Penguin Walk, Calgary Zoo. Every day, weather allowing, the penguins walk at 10 a.m.

Penguin walk

Tube Park at Winsport:  No one blows out a knee riding down a ski hill in an inflatable tube. There are eight lanes of fun. A magic carpet brings you and your tube to the top of the hill. The Tube Park is open, socially distant and offers a view that can't be beat - and it's one of the fastest parks of its kind in western Canada.

Tube Park, Winsport

Crystal Pite, Heart & Soul (Online). Crystal Pite is a true Canadian art superstar. She’s the Drake of contemporary dance, the Great Gretzky of choreography, someone based in Vancouver  who has moved to the top of the global dance class right as dance everywhere got shut down.
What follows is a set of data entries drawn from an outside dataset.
section \<open>Local existence\<close>

lemma uniform_limit_lagged_conv:
  fixes k f z :: "real \<Rightarrow> real" and V :: "nat \<Rightarrow> real \<Rightarrow> real" and h :: "nat \<Rightarrow> real"
  assumes kc: "continuous_on {0..\<delta>} k" and \<delta>: "0 < \<delta>"
    and f_cont: "continuous_on {0<..} f" and m: "0 < m"
    and Vc: "\<And>n. continuous_on {D..b} (V n)" and zc: "continuous_on {D..b} z"
    and Vb: "\<And>n x. x \<in> {D..b} \<Longrightarrow> V n x \<in> {m..R}" and zb: "\<And>x. x \<in> {D..b} \<Longrightarrow> z x \<in> {m..R}"
    and Vz: "uniform_limit {D..b} V z sequentially"
    and h: "h \<longlonglongrightarrow> 0" and hnn: "\<And>n. 0 \<le> h n" and D: "\<And>n. D \<le> a - \<delta> - h n"
  shows "uniform_limit {a..b} (\<lambda>n. lagged_conv k f \<delta> (h n) (V n)) (lagged_conv k f \<delta> 0 z) sequentially"
proof (rule uniform_limitI)
  fix e :: real assume e: "0 < e"
  obtain Kk where Kk: "0 < Kk" "\<And>\<rho>. \<rho> \<in> {0..\<delta>} \<Longrightarrow> \<bar>k \<rho>\<bar> \<le> Kk"
    using continuous_on_Icc_upper_bound[OF continuous_on_rabs[OF kc]] by blast
  define e' where "e' = e / (Kk * \<delta> + 1)"
  have Kd: "0 < Kk * \<delta>" using Kk \<delta> by simp
  have e': "0 < e'" "Kk * \<delta> * e' < e"
  proof -
    show "0 < e'" using e Kd by (simp add: e'_def)
    have "Kk * \<delta> * e' = e * (Kk * \<delta> / (Kk * \<delta> + 1))" by (simp add: e'_def)
    also have "\<dots> < e * 1" using e Kd by (intro mult_strict_left_mono) auto
    finally show "Kk * \<delta> * e' < e" by simp
  qed
  have fc: "continuous_on {m..R} f" by (rule continuous_on_subset[OF f_cont]) (use m in auto)
  have fzc: "continuous_on {D..b} (\<lambda>x. f (z x))"
    by (rule continuous_on_compose2[OF f_cont zc]) (use zb m in force)
  obtain \<theta> where \<theta>: "0 < \<theta>"
    "\<And>x x'. x \<in> {D..b} \<Longrightarrow> x' \<in> {D..b} \<Longrightarrow> dist x' x < \<theta> \<Longrightarrow> dist (f (z x')) (f (z x)) < e'/2"
    using compact_uniformly_continuous[OF fzc compact_Icc] e'(1)
    unfolding uniformly_continuous_on_def by (metis half_gt_zero)
  obtain \<eta> where \<eta>: "0 < \<eta>"
    "\<And>y y'. y \<in> {m..R} \<Longrightarrow> y' \<in> {m..R} \<Longrightarrow> dist y' y < \<eta> \<Longrightarrow> dist (f y') (f y) < e'/2"
    using compact_uniformly_continuous[OF fc compact_Icc] e'(1)
    unfolding uniformly_continuous_on_def by (metis half_gt_zero)
  have "\<forall>\<^sub>F n in sequentially. (\<forall>x\<in>{D..b}. dist (V n x) (z x) < \<eta>) \<and> h n < \<theta>"
    using uniform_limitD[OF Vz \<eta>(1)] order_tendstoD(2)[OF h \<theta>(1)] by (rule eventually_conj)
  then show "\<forall>\<^sub>F n in sequentially. \<forall>s\<in>{a..b}.
      dist (lagged_conv k f \<delta> (h n) (V n) s) (lagged_conv k f \<delta> 0 z s) < e"
  proof (rule eventually_mono, intro ballI)
    fix n s assume n: "(\<forall>x\<in>{D..b}. dist (V n x) (z x) < \<eta>) \<and> h n < \<theta>" and s: "s \<in> {a..b}"
    have sub: "s - \<rho> - h n \<in> {D..b}" "s - \<rho> \<in> {D..b}" if "\<rho> \<in> {0..\<delta>}" for \<rho>
      using that s D[of n] hnn[of n] by auto
    have close: "\<bar>f (V n (s - \<rho> - h n)) - f (z (s - \<rho>))\<bar> \<le> e'" if \<rho>: "\<rho> \<in> {0..\<delta>}" for \<rho>
    proof -
      let ?x = "s - \<rho>" and ?x' = "s - \<rho> - h n"
      have "dist (f (z ?x')) (f (z ?x)) < e'/2"
        using \<theta>(2)[OF sub(2)[OF \<rho>] sub(1)[OF \<rho>]] n hnn[of n] by (simp add: dist_real_def)
      moreover have "dist (f (V n ?x')) (f (z ?x')) < e'/2"
        using \<eta>(2)[OF Vb[OF sub(1)[OF \<rho>]] zb[OF sub(1)[OF \<rho>]]] \<eta>(2) n sub(1)[OF \<rho>]
        by (metis dist_commute zb Vb)
      ultimately show ?thesis unfolding dist_real_def by linarith
    qed
    have int: "(\<lambda>\<rho>. k \<rho> * f (u (s - \<rho> - c))) integrable_on {0..\<delta>}"
      if uc: "continuous_on {D..b} (\<lambda>x. f (u x))" and c: "\<And>\<rho>. \<rho> \<in> {0..\<delta>} \<Longrightarrow> s - \<rho> - c \<in> {D..b}"
      for u c
      by (intro integrable_continuous_interval continuous_on_mult kc continuous_on_compose2[OF uc])
         (auto intro!: continuous_intros c)
    have "0 < V n x" if "x \<in> {D..b}" for x using Vb[OF that, of n] m by auto
    then have fVc: "continuous_on {D..b} (\<lambda>x. f (V n x))"
      by (intro continuous_on_compose2[OF f_cont Vc]) auto
    have "\<bar>lagged_conv k f \<delta> (h n) (V n) s - lagged_conv k f \<delta> 0 z s\<bar>
        = \<bar>integral {0..\<delta>} (\<lambda>\<rho>. k \<rho> * (f (V n (s - \<rho> - h n)) - f (z (s - \<rho> - 0))))\<bar>"
      unfolding lagged_conv_def
      using integral_diff[OF int[OF fVc sub(1)] int[OF fzc, of 0]] sub(2)
      by (simp add: algebra_simps)
    also have "\<dots> \<le> integral {0..\<delta>} (\<lambda>\<rho>. Kk * e')"
    proof -
      have "norm (integral {0..\<delta>} (\<lambda>\<rho>. k \<rho> * (f (V n (s - \<rho> - h n)) - f (z (s - \<rho> - 0)))))
          \<le> integral {0..\<delta>} (\<lambda>\<rho>. Kk * e')"
      proof (rule integral_norm_bound_integral)
        show "(\<lambda>\<rho>. k \<rho> * (f (V n (s - \<rho> - h n)) - f (z (s - \<rho> - 0)))) integrable_on {0..\<delta>}"
          using integrable_diff[OF int[OF fVc sub(1)] int[OF fzc, of 0]] sub(2)
          by (simp add: algebra_simps)
        fix \<rho> assume \<rho>: "\<rho> \<in> {0..\<delta>}"
        show "norm (k \<rho> * (f (V n (s - \<rho> - h n)) - f (z (s - \<rho> - 0)))) \<le> Kk * e'"
          unfolding real_norm_def abs_mult using Kk(2)[OF \<rho>] close[OF \<rho>] by (simp add: mult_mono)
      qed auto
      then show ?thesis by simp
    qed
    also have "\<dots> = Kk * \<delta> * e'" using \<delta> by simp
    finally show "dist (lagged_conv k f \<delta> (h n) (V n) s) (lagged_conv k f \<delta> 0 z s) < e"
      using e'(2) by (simp add: dist_real_def)
  qed
qed

lemma lagged_solution_bounded:
  fixes k f :: "real \<Rightarrow> real"
  assumes kc: "continuous_on {0..\<delta>} k" and knn: "\<forall>\<rho>\<in>{0..\<delta>}. k \<rho> \<ge> 0" and \<delta>: "\<delta> > 0"
    and f_cont: "continuous_on {0<..} f" and f_pos: "\<forall>x>0. f x > 0"
    and f_asymp: "asymp_increasing f" and osgood: "osgood_condition f"
    and L: "0 < L" and m: "0 < m"
  obtains R where "\<And>h u r. 0 \<le> h \<Longrightarrow> h \<le> L \<Longrightarrow> continuous_on {a-\<delta>-L..a+L} u \<Longrightarrow>
      (\<And>r. r \<in> {a-\<delta>-L..a+L} \<Longrightarrow> m \<le> u r) \<Longrightarrow> (\<And>r. r \<in> {a-\<delta>-L..a} \<Longrightarrow> u r \<le> M) \<Longrightarrow>
      (\<And>t. t \<in> {a..a+L} \<Longrightarrow> u t = u a + integral {a..t} (lagged_conv k f \<delta> h u)) \<Longrightarrow>
      r \<in> {a-\<delta>-L..a+L} \<Longrightarrow> u r \<le> R"
proof -
  define D where "D = a - \<delta> - L"
  obtain K where K: "0 < K" "\<And>\<rho>. \<rho> \<in> {0..\<delta>} \<Longrightarrow> k \<rho> \<le> K"
    using continuous_on_Icc_upper_bound[OF kc] by blast
  obtain FH where FH: "0 < FH" "\<And>y. y \<in> {m..M} \<Longrightarrow> f y \<le> FH"
    using continuous_on_Icc_upper_bound[OF continuous_on_subset[OF f_cont]] m by (metis atLeastAtMost_iff
      greaterThan_iff less_le_trans subsetI)
  define P0 where "P0 = (\<delta> + L) * FH + 1"
  have P0: "0 < P0" using \<delta> L FH by (simp add: P0_def add_pos_pos)
  obtain R where R: "\<And>a' b z d t. a' \<le> b \<Longrightarrow> b - a' \<le> L \<Longrightarrow> continuous_on {a'..b} z \<Longrightarrow>
      (\<And>t. t \<in> {a'..b} \<Longrightarrow> (z has_real_derivative d t) (at t within {a'..b})) \<Longrightarrow>
      (\<And>t. t \<in> {a'..b} \<Longrightarrow> d t \<le> K * (P0 + integral {a'..t} (\<lambda>s. f (z s)))) \<Longrightarrow>
      z a' \<le> M \<Longrightarrow> (\<And>t. t \<in> {a'..b} \<Longrightarrow> z t \<ge> m) \<Longrightarrow> t \<in> {a'..b} \<Longrightarrow> z t \<le> R"
    by (rule uniform_apriori_bound[OF f_cont f_pos f_asymp osgood m K(1) P0, of L M]) blast
  show ?thesis
  proof (rule that[of "max R M"])
    fix h u r
    assume h: "0 \<le> h" "h \<le> L" and uc: "continuous_on {a-\<delta>-L..a+L} u"
      and um: "\<And>r. r \<in> {a-\<delta>-L..a+L} \<Longrightarrow> m \<le> u r" and uM: "\<And>r. r \<in> {a-\<delta>-L..a} \<Longrightarrow> u r \<le> M"
      and ueq: "\<And>t. t \<in> {a..a+L} \<Longrightarrow> u t = u a + integral {a..t} (lagged_conv k f \<delta> h u)"
      and r: "r \<in> {a-\<delta>-L..a+L}"
    have Fc: "continuous_on {D..a+L} (\<lambda>r. f (u r))"
      unfolding D_def by (rule continuous_on_compose2[OF f_cont uc]) (use um m in force)
    have Fnn: "0 \<le> f (u x)" if "x \<in> {D..a+L}" for x
      using f_pos um[of x] m that by (simp add: D_def less_imp_le)
    have gc: "continuous_on {a..a+L} (lagged_conv k f \<delta> h u)"
      by (rule continuous_on_lagged_conv[where f=f and u=u, OF kc Fc]) (use h \<delta> in \<open>auto simp: D_def\<close>)
    show "u r \<le> max R M"
    proof (cases "r \<le> a")
      case True then show ?thesis using uM[of r] r by auto
    next
      case False
      have "u r \<le> R"
      proof (rule R[of a "a+L" u "lagged_conv k f \<delta> h u"])
        show "continuous_on {a..a+L} u" by (rule continuous_on_subset[OF uc]) (use \<delta> L in auto)
        fix s assume s: "s \<in> {a..a+L}"
        show "(u has_real_derivative lagged_conv k f \<delta> h u s) (at s within {a..a+L})"
          by (rule integral_equation_imp_has_derivative[OF gc ueq s])
        show "lagged_conv k f \<delta> h u s \<le> K * (P0 + integral {a..s} (\<lambda>s. f (u s)))"
        proof (rule lagged_conv_le_history[where f=f and u=u, OF kc knn _ continuous_on_subset[OF Fc]])
          show "f (u r) \<le> FH" if "r \<in> {D..a}" for r
            using FH(2)[of "u r"] um[of r] uM[of r] that \<delta> L by (auto simp: D_def)
        qed (use K s h \<delta> L Fnn in \<open>auto simp: D_def P0_def\<close>)
        show "m \<le> u s" using um[of s] s \<delta> by auto
      qed (use L False r uM[of a] \<delta> in auto)
      then show ?thesis by simp
    qed
  qed
qed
Body and Soul, which she created for the Paris Opera Ballet in 2019, is having its Canadian (virtual) premiere this week as part of a presentation by Calgary’s Springboard Performance, the company run by Nicole Mion, the same local arts champion who produces the Fluid Festival and also runs ContainR and other cool public spaces throughout the city.  If you want to go to Paris in your mind, Springboard is teaming up with Sidewalk Bakery, Alliance Francaise, Shelf Life Books and Metrovino to help.  Body and Soul streams through Feb. 23.

Body and Soul, Crystal Pite

DJD, Black Film Festival: A documentary about the history of jazz dance being screened at the Black Film Festival in Toronto features Calgary's Decidedly Jazz Danceworks, which has always paid homage to the African roots of contemporary dance over the course of its four decade long history. The festival is also screening the made-in-Calgary documentary John Ware Reclaimed, by Calgary playwright Cheryl Foggo.